The New York Times report is unusual. Most of the coverage abroad has adopted the Palestinian narrative (which is unsurprising despite the support that the Trump administration provides to Israel). The demonstrations are described as legitimate protest that sometimes stray into limited violence on the Palestinian side. The mass killing of demonstrators – more than 40 dead and thousands wounded since March 30 – is perceived as an overreaction by Israel. It’s no wonder that not a single rocket has been fired from Gaza at Israel in recent weeks. The demonstrations on their own leave the impression that Hamas wants to convey.
Amid the mounting Palestinian casualties, the Israel army has been maneuvering between two conflicting goals: reducing the number killed but also protecting the border and deterring Hamas from a mass crossing on May 15. On Friday, a measure of restraint was imposed on the open-fire orders given to Israeli snipers at the border, until the incident at the Karni crossing, after which the snipers opened fire, accounting for most of the killed and wounded that day.
As reported by Haaretz at the beginning of April, the army has begun acting against Hamas through other means in the hope that these would also provide deterrence near the border. On Friday night, two weapons depots in Gaza and four boats used by Hamas’ naval force were bombed from the air. The aim is to signal to Hamas’ chiefs that they have something to lose elsewhere too if they escalate the confrontation on the border.

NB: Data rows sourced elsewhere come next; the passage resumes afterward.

lemma tendsto_haar_integral_param:
  fixes H :: "real \<Rightarrow> real^'n^'n \<Rightarrow> 'b::{banach,second_countable_topology}"
  assumes haar: "haar_orthogonal \<mu>" and H: "continuous_on UNIV (\<lambda>p. H (fst p) (snd p))"
    and s: "s \<longlonglongrightarrow> t"
  shows "(\<lambda>i. \<integral>Q. H (s i) Q \<partial>\<mu>) \<longlonglongrightarrow> (\<integral>Q. H t Q \<partial>\<mu>)"
proof -
  interpret prob_space \<mu>
    using haar by (rule haar_orthogonalD)
  have H_at: "continuous_on UNIV (H r)" for r
    using continuous_on_compose2[OF H continuous_on_Pair[OF continuous_on_const continuous_on_id]]
    by simp
  let ?K = "insert t (range s) \<times> {Q. orthogonal_matrix Q}"
  have "bounded ((\<lambda>p. H (fst p) (snd p)) ` ?K)"
    by (intro compact_imp_bounded compact_continuous_image continuous_on_subset[OF H]
        compact_Times compact_sequence_with_limit s compact_orthogonal_matrices) auto
  then obtain B
    where B: "\<And>r Q. r \<in> insert t (range s) \<Longrightarrow> orthogonal_matrix Q \<Longrightarrow> norm (H r Q) \<le> B"
    unfolding bounded_iff by force
  show ?thesis
  proof (rule integral_dominated_convergence[where w="\<lambda>_. B"])
    show "H t \<in> borel_measurable \<mu>" "H (s i) \<in> borel_measurable \<mu>" for i
      by (intro measurable_haar_continuous[OF haar] H_at)+
    show "AE Q in \<mu>. norm (H (s i) Q) \<le> B" for i
      using haar_orthogonalD(3)[OF haar] by eventually_elim (simp add: B)
    have "(\<lambda>i. (s i, Q)) \<longlonglongrightarrow> (t, Q)" for Q
      by (intro tendsto_Pair s tendsto_const)
    then show "AE Q in \<mu>. (\<lambda>i. H (s i) Q) \<longlonglongrightarrow> H t Q"
      using continuous_on_tendsto_compose[OF H] by (intro AE_I2) force
  qed simp
qed

lemma haar_integral_derivative_eq_0:
  fixes \<Phi> :: "real^'n^'n \<Rightarrow> 'b::{banach,second_countable_topology}"
    and H :: "real \<Rightarrow> real^'n^'n \<Rightarrow> 'b"
  assumes haar: "haar_orthogonal \<mu>" and U: "\<And>t. orthogonal_matrix (U t)"
    and \<Phi>: "continuous_on UNIV \<Phi>" and H: "continuous_on UNIV (\<lambda>p. H (fst p) (snd p))"
    and quotient: "\<And>t Q. \<Phi> (U t ** Q) - \<Phi> Q = t *\<^sub>R H t Q"
  shows "(\<integral>Q. H 0 Q \<partial>\<mu>) = 0"
proof -
  have "(\<integral>Q. H t Q \<partial>\<mu>) = 0" if "t \<noteq> 0" for t
  proof -
    have \<Phi>U: "continuous_on UNIV (\<lambda>Q. \<Phi> (U t ** Q))"
      by (intro continuous_on_compose2[OF \<Phi>] continuous_intros) auto
    have "(\<integral>Q. H t Q \<partial>\<mu>) = (\<integral>Q. (1 / t) *\<^sub>R (\<Phi> (U t ** Q) - \<Phi> Q) \<partial>\<mu>)"
      using that by (simp add: quotient)
    also have "\<dots> = (1 / t) *\<^sub>R ((\<integral>Q. \<Phi> (U t ** Q) \<partial>\<mu>) - (\<integral>Q. \<Phi> Q \<partial>\<mu>))"
      using integrable_haar_continuous[OF haar \<Phi>] integrable_haar_continuous[OF haar \<Phi>U] by simp
    finally show ?thesis
      by (simp add: haar_integral_left_mult[OF haar \<Phi> U])
  qed
  then have "(\<lambda>i. \<integral>Q. H (inverse (Suc i)) Q \<partial>\<mu>) = (\<lambda>i. 0)"
    by simp
  moreover have "(\<lambda>i. \<integral>Q. H (inverse (Suc i)) Q \<partial>\<mu>) \<longlonglongrightarrow> (\<integral>Q. H 0 Q \<partial>\<mu>)"
    by (intro tendsto_haar_integral_param[OF haar H] LIMSEQ_inverse_real_of_nat)
  ultimately show ?thesis
    using LIMSEQ_unique tendsto_const by metis
qed

lemma orthogonal_matrix_quadratic:
  fixes A :: "real^'n^'n"
  assumes skew: "transpose A = - A" and cube: "A ** A ** A = - A" and pq: "p\<^sup>2 + q\<^sup>2 = 2 * q"
  shows "orthogonal_matrix (mat 1 + p *\<^sub>R A + q *\<^sub>R (A ** A))"
proof -
  have A3: "A ** (A ** A) = - A"
    using cube by (simp add: matrix_mul_assoc)
  have A4: "A ** A ** (A ** A) = - (A ** A)"
    using cube by (simp add: matrix_mul_assoc matrix_neg_left)
  have "transpose (mat 1 + p *\<^sub>R A + q *\<^sub>R (A ** A)) = mat 1 - p *\<^sub>R A + q *\<^sub>R (A ** A)"
    by (simp add: transpose_add transpose_scalar matrix_transpose_mul skew matrix_neg_left
        matrix_neg_right)
  moreover have "(mat 1 - p *\<^sub>R A + q *\<^sub>R (A ** A)) ** (mat 1 + p *\<^sub>R A + q *\<^sub>R (A ** A))
      = mat 1 + (2 * q - p\<^sup>2 - q\<^sup>2) *\<^sub>R (A ** A)"
    by (simp add: matrix_add_ldistrib matrix_add_rdistrib matrix_diff_rdistrib matrix_scalar_ac
        A3 A4 cube matrix_neg_right flip: scalar_matrix_assoc)
       (simp add: vec_eq_iff algebra_simps power2_eq_square)
  ultimately show ?thesis
    using pq by (simp add: orthogonal_matrix)
qed

lemma one_plus_power2_neq_0 [simp]: "1 + t\<^sup>2 \<noteq> (0::real)"
  using zero_le_power2[of t] by linarith

text \<open>For a skew matrix with \<open>A\<^sup>3 = -A\<close>, \<open>exp (\<theta> A) = I + sin \<theta> A + (1 - cos \<theta>) A\<^sup>2\<close>;
  substituting \<open>t = tan (\<theta>/2)\<close> gives the rational curve below.\<close>
definition rotation_velocity :: "real^'n^'n \<Rightarrow> real \<Rightarrow> real^'n^'n" where
  "rotation_velocity A t = (2 / (1 + t\<^sup>2)) *\<^sub>R (A + t *\<^sub>R (A ** A))"

definition rotation_curve :: "real^'n^'n \<Rightarrow> real \<Rightarrow> real^'n^'n" where
  "rotation_curve A t = mat 1 + t *\<^sub>R rotation_velocity A t"

lemma orthogonal_rotation_curve:
  assumes "transpose A = - A" and "A ** A ** A = - A"
  shows "orthogonal_matrix (rotation_curve A t)"
proof -
  have "rotation_curve A t = mat 1 + (2 * t / (1 + t\<^sup>2)) *\<^sub>R A + (2 * t\<^sup>2 / (1 + t\<^sup>2)) *\<^sub>R (A ** A)"
    by (simp add: rotation_curve_def rotation_velocity_def scaleR_add_right power2_eq_square mult_ac)
  moreover have "(2 * t / (1 + t\<^sup>2))\<^sup>2 + (2 * t\<^sup>2 / (1 + t\<^sup>2))\<^sup>2 = 2 * (2 * t\<^sup>2 / (1 + t\<^sup>2))"
    by (simp add: field_simps) algebra
  ultimately show ?thesis
    using orthogonal_matrix_quadratic[OF assms] by simp
qed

In the background, the General Staff is busy with the possibility of an escalation on a more dangerous front, the north. If Iran responds to the bombing attributed to Israel of the T4 base in Syria, the tensions in Gaza will be left in the shadows.
In one recent consultation, Energy Minister Yuval Steinitz raised an interesting alternative. Some of the current suffering in Gaza stems from a decision by Palestinian President Mahmoud Abbas to suspend the payment of the salaries of PA employees in the Strip. The sanctions have hurt the purchasing power of Gazans to such an extent that the quantity of goods shipped from Israel and the West Bank into Gaza has decreased because there aren’t enough customers.
Steinitz is suggesting that Israel take an amount equivalent to the frozen salary payments from taxes that Israel collects for the PA and transfer the sum to the Gaza employees in an effort to help the economy there. Steinitz says it’s possible to carry this out. Israeli defense officials haven’t yet responded.
On Monday, the High Court of Justice will hear a petition by Israeli left-wing groups and human rights organizations against the open-fire orders given to Israeli snipers on the Gaza border. Maj. Gen. Nitzan Alon, the head of the operations division at the General Staff, will seek to convince the justices that the Gaza protest isn’t something ordinary and that if the demonstrators cross the border fence, they won’t be holding a peace march around the kibbutzim and moshavim on the Israeli side. Instead, a violent attempt to break into the communities would be expected.
In the current political-siege atmosphere against the High Court, it’s hard to imagine the justices interfering directly in the army’s business. As things stand, the confrontations on the border will reach their peak on May 15, and for now no way has been found to rein in the clash.